*Required work*
Copy out every line holding the string "with" from the records below.

Exercise materials Block Start

definition sigma1_ind :: "'a astr \<Rightarrow> 'a set set \<Rightarrow> bool" where
  "sigma1_ind M Xs \<longleftrightarrow> (\<forall>\<phi> x e S. sigma 1 \<phi> \<and> env_ok M Xs e S \<and>
     sat M Xs (e(x := zr M)) S \<phi> \<and>
     (\<forall>a\<in>carr M. sat M Xs (e(x := a)) S \<phi> \<longrightarrow> sat M Xs (e(x := pl M a (on M))) S \<phi>)
     \<longrightarrow> (\<forall>a\<in>carr M. sat M Xs (e(x := a)) S \<phi>))"

definition delta1_comp :: "'a astr \<Rightarrow> 'a set set \<Rightarrow> bool" where
  "delta1_comp M Xs \<longleftrightarrow> (\<forall>\<phi> \<psi> x e S. sigma 1 \<phi> \<and> pi 1 \<psi> \<and> env_ok M Xs e S \<and>
     (\<forall>a\<in>carr M. sat M Xs (e(x := a)) S \<phi> \<longleftrightarrow> sat M Xs (e(x := a)) S \<psi>)
     \<longrightarrow> {a\<in>carr M. sat M Xs (e(x := a)) S \<phi>} \<in> Xs)"

definition rca0 :: "'a astr \<Rightarrow> 'a set set \<Rightarrow> bool" where
  "rca0 M Xs \<longleftrightarrow> is_astr M \<and> Xs \<subseteq> Pow (carr M) \<and> robinson M \<and>
     sigma1_ind M Xs \<and> delta1_comp M Xs"

definition sigma_comp :: "'a astr \<Rightarrow> 'a set set \<Rightarrow> nat \<Rightarrow> bool" where
  "sigma_comp M Xs n \<longleftrightarrow> (\<forall>\<phi> x e. sigma n \<phi> \<and> first_order \<phi> \<and> (\<forall>v. e v \<in> carr M)
     \<longrightarrow> {a\<in>carr M. sat M Xs (e(x := a)) (\<lambda>_. {}) \<phi>} \<in> Xs)"

definition ultrafilter_on :: "'a astr \<Rightarrow> 'a set set \<Rightarrow> 'a set set \<Rightarrow> bool" where
  "ultrafilter_on M Xs U \<longleftrightarrow> U \<subseteq> Xs \<and> carr M \<in> U \<and> {} \<notin> U \<and>
     (\<forall>A\<in>U. \<forall>B\<in>U. A \<inter> B \<in> U) \<and>
     (\<forall>A\<in>U. \<forall>B\<in>Xs. A \<subseteq> B \<longrightarrow> B \<in> U) \<and>
     (\<forall>A\<in>Xs. A \<in> U \<or> carr M - A \<in> U)"

definition cofinal :: "'a astr \<Rightarrow> 'a set \<Rightarrow> bool" where
  "cofinal M A \<longleftrightarrow> (\<forall>a\<in>carr M. \<exists>b\<in>A. ls M a b)"

text \<open>Functions are coded in M as sets of pairs, with the RCA_0 pairing
  (i,j) = (i+j)*(i+j) + i.\<close>
definition pair_code :: "'a astr \<Rightarrow> 'a \<Rightarrow> 'a \<Rightarrow> 'a" where
  "pair_code M i j = pl M (tm M (pl M i j) (pl M i j)) i"

definition fun_code :: "'a astr \<Rightarrow> ('a \<Rightarrow> 'a) \<Rightarrow> 'a set" where
  "fun_code M f = {pair_code M i (f i) | i. i \<in> carr M}"

definition Fs :: "'a astr \<Rightarrow> 'a set set \<Rightarrow> ('a \<Rightarrow> 'a) set" where
  "Fs M Xs = {f. f \<in> carr M \<rightarrow>\<^sub>E carr M \<and> fun_code M f \<in> Xs}"

definition ueq :: "'a astr \<Rightarrow> 'a set set \<Rightarrow> ('a \<Rightarrow> 'a) \<Rightarrow> ('a \<Rightarrow> 'a) \<Rightarrow> bool" where
  "ueq M U f g \<longleftrightarrow> {i\<in>carr M. f i = g i} \<in> U"

definition ucls :: "'a astr \<Rightarrow> 'a set set \<Rightarrow> 'a set set \<Rightarrow> ('a \<Rightarrow> 'a) \<Rightarrow> ('a \<Rightarrow> 'a) set" where
  "ucls M Xs U f = {g \<in> Fs M Xs. ueq M U f g}"

definition urep :: "('a \<Rightarrow> 'a) set \<Rightarrow> ('a \<Rightarrow> 'a)" where
  "urep C = (SOME f. f \<in> C)"

definition ultrapower :: "'a astr \<Rightarrow> 'a set set \<Rightarrow> 'a set set \<Rightarrow> ('a \<Rightarrow> 'a) set astr" where
  "ultrapower M Xs U = \<lparr>
     carr = ucls M Xs U ` Fs M Xs,
     zr = ucls M Xs U (\<lambda>i\<in>carr M. zr M),
     on = ucls M Xs U (\<lambda>i\<in>carr M. on M),
     pl = (\<lambda>C D. ucls M Xs U (\<lambda>i\<in>carr M. pl M (urep C i) (urep D i))),
     tm = (\<lambda>C D. ucls M Xs U (\<lambda>i\<in>carr M. tm M (urep C i) (urep D i))),
     ls = (\<lambda>C D. {i\<in>carr M. ls M (urep C i) (urep D i)} \<in> U) \<rparr>"

definition uemb :: "'a astr \<Rightarrow> 'a set set \<Rightarrow> 'a set set \<Rightarrow> 'a \<Rightarrow> ('a \<Rightarrow> 'a) set" where
  "uemb M Xs U a = ucls M Xs U (\<lambda>i\<in>carr M. a)"

end

theory Submission
  imports Defs
begin

text \<open>
  Call a formula Xs-definable if, along every tuple of functions in F, the set of coordinates at
  which it holds lies in Xs. Los's theorem holds for every formula all of whose subformulas are
  Xs-definable: in the existential step, Delta_1-comprehension turns a set in U of coordinates
  having witnesses into a least-witness function in F. Delta_0 formulas are Xs-definable by
  Delta_0-comprehension, applied to the set of codes of satisfying tuples and pulled back along
  the code of the tuple of functions; Sigma_n-comprehension does the same for Sigma_k and Pi_k
  formulas with k <= n. A Sigma_(n+2) formula has the form Ex xs. All ys. chi with chi in Sigma_n.
  Its existential block transfers upwards via constant functions and downwards via
  representatives. If All ys. chi holds in the ultrapower along a tuple of functions, it holds in M
  at some coordinate: otherwise least counterexample tuples would form functions in F along which
  chi fails on a set in U.
\<close>

section \<open>Syntax: free variables, quantifier blocks and prenex forms\<close>

fun fvt :: "trm \<Rightarrow> nat set" where
  "fvt (Var i) = {i}"
| "fvt Zero = {}"
| "fvt One = {}"
| "fvt (Plus s t) = fvt s \<union> fvt t"
| "fvt (Times s t) = fvt s \<union> fvt t"

fun fv :: "fm \<Rightarrow> nat set" where
  "fv (Eq s t) = fvt s \<union> fvt t"
| "fv (Lt s t) = fvt s \<union> fvt t"
| "fv (Mem t j) = fvt t"
| "fv (Neg \<phi>) = fv \<phi>"
| "fv (Conj \<phi> \<psi>) = fv \<phi> \<union> fv \<psi>"
| "fv (Disj \<phi> \<psi>) = fv \<phi> \<union> fv \<psi>"
| "fv (Impl \<phi> \<psi>) = fv \<phi> \<union> fv \<psi>"
| "fv (Ex x \<phi>) = fv \<phi> - {x}"
| "fv (All x \<phi>) = fv \<phi> - {x}"
| "fv (BEx x t \<phi>) = fvt t \<union> (fv \<phi> - {x})"
| "fv (BAll x t \<phi>) = fvt t \<union> (fv \<phi> - {x})"
| "fv (SEx j \<phi>) = fv \<phi>"
| "fv (SAll j \<phi>) = fv \<phi>"

fun prefix_vars :: "fm \<Rightarrow> nat set" where
  "prefix_vars (Ex x \<phi>) = insert x (prefix_vars \<phi>)"
| "prefix_vars (All x \<phi>) = insert x (prefix_vars \<phi>)"
| "prefix_vars _ = {}"

lemma finite_fvt [simp]: "finite (fvt t)"
  by (induction t) auto

lemma finite_fv [simp]: "finite (fv \<phi>)"
  by (induction \<phi>) auto

lemma finite_prefix_vars [simp]: "finite (prefix_vars \<phi>)"
  by (induction \<phi>) auto

lemma prefix_vars_fv_disjoint: "prefix_vars \<phi> \<inter> fv \<phi> = {}"
  by (induction \<phi>) auto

lemma ev_cong: "(\<forall>v\<in>fvt t. e v = e' v) \<Longrightarrow> ev M e t = ev M e' t"
  by (induction t) auto

lemma sat_cong: "(\<forall>v\<in>fv \<phi>. e v = e' v) \<Longrightarrow> sat M Xs e S \<phi> = sat M Xs e' S \<phi>"
proof (induction \<phi> arbitrary: e e' S)
  case (Ex x \<phi>)
  have "sat M Xs (e(x := a)) S \<phi> = sat M Xs (e'(x := a)) S \<phi>" for a
    by (rule Ex.IH) (use Ex.prems in auto)
  then show ?case by simp
next
  case (All x \<phi>)
  have "sat M Xs (e(x := a)) S \<phi> = sat M Xs (e'(x := a)) S \<phi>" for a
    by (rule All.IH) (use All.prems in auto)
  then show ?case by simp
next
  case (BEx x t \<phi>)
  have "sat M Xs (e(x := a)) S \<phi> = sat M Xs (e'(x := a)) S \<phi>" for a
    by (rule BEx.IH) (use BEx.prems in auto)
  then show ?case using ev_cong[of t e e' M] BEx.prems by simp
next
  case (BAll x t \<phi>)
  have "sat M Xs (e(x := a)) S \<phi> = sat M Xs (e'(x := a)) S \<phi>" for a
    by (rule BAll.IH) (use BAll.prems in auto)
  then show ?case using ev_cong[of t e e' M] BAll.prems by simp
next
  case (Eq s t)
  then show ?case using ev_cong[of s e e' M] ev_cong[of t e e' M] by simp
next
  case (Lt s t)
  then show ?case using ev_cong[of s e e' M] ev_cong[of t e e' M] by simp
next
  case (Mem t j)
  then show ?case using ev_cong[of t e e' M] by simp
next
  case (Neg \<phi>)
  then show ?case using Neg.IH[of e e' S] by simp
next
  case (Conj \<phi> \<psi>)
  show ?case using Conj.IH[of e e' S] Conj.prems by simp
next
  case (Disj \<phi> \<psi>)
  show ?case using Disj.IH[of e e' S] Disj.prems by simp
next
  case (Impl \<phi> \<psi>)
  show ?case using Impl.IH[of e e' S] Impl.prems by simp
next
  case (SEx j \<phi>)
  show ?case by (simp only: sat.simps SEx.IH[OF SEx.prems[simplified]])
next
  case (SAll j \<phi>)
  show ?case by (simp only: sat.simps SAll.IH[OF SAll.prems[simplified]])
qed

lemma sat_first_order_sets: "first_order \<phi> \<Longrightarrow> sat M Xs e S \<phi> = sat M Xs e S' \<phi>"
  by (induction \<phi> arbitrary: e) auto

definition exblock :: "nat list \<Rightarrow> fm \<Rightarrow> fm" where
  "exblock xs \<phi> = foldr Ex xs \<phi>"

definition allblock :: "nat list \<Rightarrow> fm \<Rightarrow> fm" where
  "allblock xs \<phi> = foldr All xs \<phi>"

definition bexblock :: "nat list \<Rightarrow> trm \<Rightarrow> fm \<Rightarrow> fm" where
  "bexblock xs t \<phi> = foldr (\<lambda>x. BEx x t) xs \<phi>"

lemma sat_exblock:
  "sat M Xs e S (exblock xs \<phi>) \<longleftrightarrow>
   (\<exists>e'. (\<forall>v\<in>set xs. e' v \<in> carr M) \<and> (\<forall>v. v \<notin> set xs \<longrightarrow> e' v = e v) \<and> sat M Xs e' S \<phi>)"
proof (induction xs arbitrary: e)
  case Nil
  then show ?case by (auto simp: exblock_def simp flip: fun_eq_iff)
next
  case (Cons x xs)
  show ?case (is "?lhs \<longleftrightarrow> ?rhs")
  proof
    assume ?lhs
    then obtain a e' where "a \<in> carr M" "\<forall>v\<in>set xs. e' v \<in> carr M"
      "\<forall>v. v \<notin> set xs \<longrightarrow> e' v = (e(x := a)) v" "sat M Xs e' S \<phi>"
      by (auto simp: Cons.IH[unfolded exblock_def] exblock_def)
    then show ?rhs by (intro exI[of _ e']) (auto split: if_splits)
  next
    assume ?rhs
    then obtain e' where "\<forall>v\<in>set (x # xs). e' v \<in> carr M" "\<forall>v. v \<notin> set (x # xs) \<longrightarrow> e' v = e v"
      "sat M Xs e' S \<phi>"
      by blast
    then show ?lhs
      by (auto simp: Cons.IH[unfolded exblock_def] exblock_def intro!: bexI[of _ "e' x"] exI[of _ e'])
  qed
qed

lemma sat_allblock:
  "sat M Xs e S (allblock xs \<phi>) \<longleftrightarrow>
   (\<forall>e'. (\<forall>v\<in>set xs. e' v \<in> carr M) \<longrightarrow> (\<forall>v. v \<notin> set xs \<longrightarrow> e' v = e v) \<longrightarrow> sat M Xs e' S \<phi>)"
proof (induction xs arbitrary: e)
  case Nil
  then show ?case by (auto simp: allblock_def simp flip: fun_eq_iff)
next
  case (Cons x xs)
  show ?case (is "?lhs \<longleftrightarrow> ?rhs")
  proof
    show ?rhs if ?lhs using that by (auto simp: Cons.IH[unfolded allblock_def] allblock_def)
    show ?lhs if ?rhs using that by (auto simp: Cons.IH[unfolded allblock_def] allblock_def)
  qed
qed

Exercise materials Block End

*Completed task*
text \<open>Functions are coded in M as sets of pairs, with the RCA_0 pairing
  formulas with k <= n. A Sigma_(n+2) formula has the form Ex xs. All ys. chi with chi in Sigma_n.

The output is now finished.